INTERSPEECH 2006 - ICSLP
In natural speech, there is a moderate correlation between the fundamental frequency and formant frequencies across talkers. The present study used a high-quality vocoder to manipulate these properties and determine their contribution to perceived naturalness and voice gender. The stimuli were re-synthesized sentences spoken by two adult males and two adult females. Scale factors were chosen for each sentence and for each talker to produce frequency-shifted versions with a specified mean fundamental frequency (F0) ranging from 60 Hz to 450 Hz in 10 steps, paired with 10 steps in geometric mean formant frequencies ranging from 850 Hz to 2500 Hz.

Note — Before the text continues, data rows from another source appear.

lemma sqrt_of_root:
  fixes \<rho> :: real
  assumes "\<rho> > 0" "\<rho> ^ 3 + 2 * \<rho> ^ 2 + \<rho> - 1 = 0"
  shows "sqrt \<rho> ^ 3 + sqrt \<rho> = 1"
proof -
  define \<alpha> where "\<alpha> = sqrt \<rho>"
  have "\<alpha> > 0" "\<alpha> ^ 2 = \<rho>"
    using assms(1) by (simp_all add: \<alpha>_def)
  have "(\<alpha> ^ 3 + \<alpha> - 1) * (\<alpha> ^ 3 + \<alpha> + 1) = (\<alpha> ^ 2) ^ 3 + 2 * (\<alpha> ^ 2) ^ 2 + \<alpha> ^ 2 - 1"
    by algebra
  then have "(\<alpha> ^ 3 + \<alpha> - 1) * (\<alpha> ^ 3 + \<alpha> + 1) = 0"
    using \<open>\<alpha> ^ 2 = \<rho>\<close> assms(2) by simp
  moreover have "\<alpha> ^ 3 + \<alpha> + 1 > 0"
    using \<open>\<alpha> > 0\<close> by (simp add: add_pos_pos)
  ultimately show ?thesis
    by (simp add: \<alpha>_def)
qed

theorem corollary4p7:
  fixes \<rho>0 Ce Cm :: real
  assumes "\<rho>0 > 0" and "\<rho>0 ^ 3 + 2 * \<rho>0 ^ 2 + \<rho>0 - 1 = 0"
    and "Ce > 0" and "31 * Ce ^ 3 - 62 * Ce ^ 2 + 35 * Ce - 3 = 0"
    and "Cm > 0" and "31 * Cm ^ 3 - 31 * Cm ^ 2 + 16 * Cm - 3 = 0"
  shows "(\<lambda>n. real (e_num n) - Ce * (1 / \<rho>0) ^ n) \<in> O(\<lambda>n. (1 / \<rho>0) ^ n / real n) \<and>
         (\<lambda>n. real (m_num n) - Cm * (1 / \<rho>0) ^ n) \<in> O(\<lambda>n. (1 / \<rho>0) ^ n / real n)"
proof -
  define \<alpha> where "\<alpha> = sqrt \<rho>0"
  have \<rho>0: "\<rho>0 = \<alpha> ^ 2"
    using assms(1) by (simp add: \<alpha>_def)
  have root: "\<alpha> ^ 3 + \<alpha> = 1"
    unfolding \<alpha>_def using assms(1,2) by (rule sqrt_of_root)
  have "Ce = excursion_constant \<alpha>"
    using excursion_cubic_root_unique[OF assms(4)] excursion_constant_cubic[OF root] by blast
  moreover have "Cm = meander_constant \<alpha>"
    using meander_cubic_root_unique[OF assms(6)] meander_constant_cubic[OF root] by blast
  ultimately show ?thesis
    unfolding \<rho>0 using excursions_asymptotic[OF root] meanders_asymptotic[OF root] by simp
qed

end
(* If $\gamma\in\Gamma\cap\mathcal{I}_\Gamma$ (i.e. $\gamma\in\Gamma$ with $\gamma^\dagger=\gamma$), then the complete geodesic hyperplane perpendicularly bisecting the geodesic segment from $1$ to $\mu_\Gamma(\gamma,1)$ does so at the point $\gamma$, so that $\gamma$ is the closest point to $1$ on this hyperplane.
   Context: $X$ is a Macfarlane complete orientable finite-volume hyperbolic 3-manifold, and the Kleinian group $\Gamma\cong\pi_1(X)$ is chosen so that its quaternion algebra (the $K$-span of the preimage of $\Gamma$ in $\mathrm{SL}_2(\mathbb{C})$, $K$ the trace field) is $\mathcal{B}=\big(\frac{a,b}{F(\sqrt{-d})}\big)$ with $i^2=a$, $j^2=b$, $ij=-ji$, where $F\subset\mathbb{R}$ and $a,b,d\in F$ are positive; $\Gamma$ is identified with its image in $\mathcal{B}^1/\{\pm1\}$. The involution is $(w+xi+yj+zij)^\dagger=\overline{w}+\overline{x}i+\overline{y}j-\overline{z}ij$; $\mathcal{M}=\{q:q^\dagger=q\}=F\oplus Fi\oplus Fj\oplus\sqrt{-d}Fij$, and $\mathcal{I}_\Gamma=\{p\in\mathcal{M}:\mathrm{tr}(p)>0,\ \mathrm{n}(p)=1\}$ (reduced trace and norm), a hyperboloid model on which $\Gamma$ acts faithfully by hyperbolic isometries via $\mu_\Gamma(\gamma,p)=\gamma p\gamma^\dagger$. *)

theory Defs
  imports Complex_Main
begin

text \<open>Quaternion algebra (a,b / K) with K = F(sqrt(-d)) a subfield of the complex
numbers (F a subfield of the reals).  An element w + x i + y j + z ij is represented
by its four coordinates; coordinates are complex so that the real points
(B tensor_F R) are available for the hyperboloid model.\<close>

datatype quat = Quat (qw: complex) (qx: complex) (qy: complex) (qz: complex)

definition qone :: quat where "qone = Quat 1 0 0 0"

text \<open>Multiplication with i^2 = a, j^2 = b, ij = -ji.\<close>
definition qmul :: "real \<Rightarrow> real \<Rightarrow> quat \<Rightarrow> quat \<Rightarrow> quat" where
  "qmul a b p q =
     Quat (qw p * qw q + of_real a * qx p * qx q + of_real b * qy p * qy q
             - of_real (a * b) * qz p * qz q)
          (qw p * qx q + qx p * qw q - of_real b * qy p * qz q + of_real b * qz p * qy q)
          (qw p * qy q + qy p * qw q + of_real a * qx p * qz q - of_real a * qz p * qx q)
          (qw p * qz q + qz p * qw q + qx p * qy q - qy p * qx q)"

definition qconj :: "quat \<Rightarrow> quat" where
  "qconj q = Quat (qw q) (- qx q) (- qy q) (- qz q)"

definition qdag :: "quat \<Rightarrow> quat" where
  "qdag q = Quat (cnj (qw q)) (cnj (qx q)) (cnj (qy q)) (- cnj (qz q))"

definition qtr :: "quat \<Rightarrow> complex" where
  "qtr q = 2 * qw q"

definition qnrm :: "real \<Rightarrow> real \<Rightarrow> quat \<Rightarrow> complex" where
  "qnrm a b q = qw q ^ 2 - of_real a * qx q ^ 2 - of_real b * qy q ^ 2
                 + of_real (a * b) * qz q ^ 2"

definition real_subfield :: "real set \<Rightarrow> bool" where
  "real_subfield F \<longleftrightarrow> 0 \<in> F \<and> 1 \<in> F \<and>
     (\<forall>x\<in>F. \<forall>y\<in>F. x + y \<in> F \<and> x - y \<in> F \<and> x * y \<in> F) \<and>
     (\<forall>x\<in>F. x \<noteq> 0 \<longrightarrow> inverse x \<in> F)"

text \<open>K = F(sqrt(-d)), with sqrt(-d) = i * sqrt d inside the complex numbers.\<close>
definition trace_field :: "real set \<Rightarrow> real \<Rightarrow> complex set" where
  "trace_field F d = {of_real u + of_real v * \<i> * of_real (sqrt d) | u v. u \<in> F \<and> v \<in> F}"
lemma pdiff_shift:
  assumes "\<And>x. G (shift a l x) = H x"
  shows "pdiff i G (shift a l x) = pdiff (i + a) H x"
proof -
  have upd: "(shift a l x)(i := t) = shift a l (x(i + a := t - real_of_int l))" for t
    by (auto simp: shift_def fun_eq_iff)
  have "pdiff i G (shift a l x) =
        deriv (\<lambda>t. H (x(i + a := t - real_of_int l))) (x (i + a) + real_of_int l)"
    unfolding pdiff_def upd assms by (simp add: shift_def)
  also have "\<dots> = deriv (\<lambda>t. H (x(i + a := t))) (x (i + a))"
    by (rule deriv_translate)
  finally show ?thesis unfolding pdiff_def .
qed

lemma pdiff_outside:
  assumes "depends_only_on F B" "i \<notin> B"
  shows "pdiff i F x = 0"
proof -
  have "(\<lambda>t. F (x(i := t))) = (\<lambda>t. F x)"
    using assms unfolding depends_only_on_def by (intro ext) auto
  then show ?thesis unfolding pdiff_def by (simp add: DERIV_imp_deriv[OF DERIV_const])
qed

lemma pdiff_depends:
  fixes F :: "'d::finite config \<Rightarrow> real"
  assumes "depends_only_on F B"
  shows "depends_only_on (pdiff i F) B"
  unfolding depends_only_on_def
proof (intro allI impI)
  fix x y :: "'d config" assume xy: "\<forall>k\<in>B. x k = y k"
  show "pdiff i F x = pdiff i F y"
  proof (cases "i \<in> B")
    case True
    have "(\<lambda>t. F (x(i := t))) = (\<lambda>t. F (y(i := t)))"
      using assms xy unfolding depends_only_on_def by (intro ext) (metis fun_upd_apply)
    then show ?thesis unfolding pdiff_def using True xy by simp
  next
    case False
    then show ?thesis using pdiff_outside[OF assms] by simp
  qed
qed

lemma mvt_coordinate:
  assumes "pdiff_exists k F"
  shows "\<exists>\<xi>. min a b \<le> \<xi> \<and> \<xi> \<le> max a b \<and>
     F (p(k := b)) - F (p(k := a)) = (b - a) * pdiff k F (p(k := \<xi>))"
proof -
  define f where "f t = F (p(k := t))" for t
  have D: "DERIV f t :> pdiff k F (p(k := t))" for t
  proof -
    have "(\<lambda>s. F ((p(k := t))(k := s))) differentiable (at ((p(k := t)) k))"
      using assms unfolding pdiff_exists_def by blast
    then have "DERIV f t :> deriv f t"
      by (simp add: f_def[abs_def] DERIV_deriv_iff_real_differentiable)
    moreover have "deriv f t = pdiff k F (p(k := t))"
      unfolding pdiff_def f_def[abs_def] by simp
    ultimately show ?thesis by simp
  qed
  consider "a < b" | "a = b" | "b < a" by linarith
  then show ?thesis
  proof cases
    case 1
    from MVT2[OF 1, of f "\<lambda>t. pdiff k F (p(k := t))"] D obtain z where
      "a < z" "z < b" "f b - f a = (b - a) * pdiff k F (p(k := z))" by blast
    then show ?thesis by (intro exI[of _ z]) (auto simp: f_def)
  next
    case 2 then show ?thesis by (intro exI[of _ a]) auto
  next
    case 3
    from MVT2[OF 3, of f "\<lambda>t. pdiff k F (p(k := t))"] D obtain z where
      "b < z" "z < a" "f a - f b = (a - b) * pdiff k F (p(k := z))" by blast
    then show ?thesis by (intro exI[of _ z]) (auto simp: f_def algebra_simps)
  qed
qed

definition in_box :: "'d config \<Rightarrow> 'd config \<Rightarrow> 'd config \<Rightarrow> bool" where
  "in_box p q z \<longleftrightarrow> (\<forall>m. min (p m) (q m) \<le> z m \<and> z m \<le> max (p m) (q m))"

Listeners judged frequencyshifted sentences as more natural when F0 and formant frequencies followed the co-variation of F0 and formant frequencies in natural voices. Sentences with low F0s and low formant frequencies were perceived as masculine, while sentences with high F0 and high formant frequencies were assigned high ratings of femininity. Sentences with "mismatched" F0 and formant frequencies were assigned ratings near the midpoint of the range, indicating gender ambiguity. Frequency-shifted sentences derived from male talkers received consistently higher ratings of masculinity than those derived from females and vice versa, even when assigned scale factors appropriate for the opposite gender, indicating that factors other than F0 and mean formant frequencies contribute to perceived gender.
Bibliographic reference. Assmann, Peter F. / Dembling, Sophia / Nearey, Terrance M. (2006): "Effects of frequency shifts on perceived naturalness and gender information in speech", In INTERSPEECH-2006, paper 1710-Tue1BuP.10.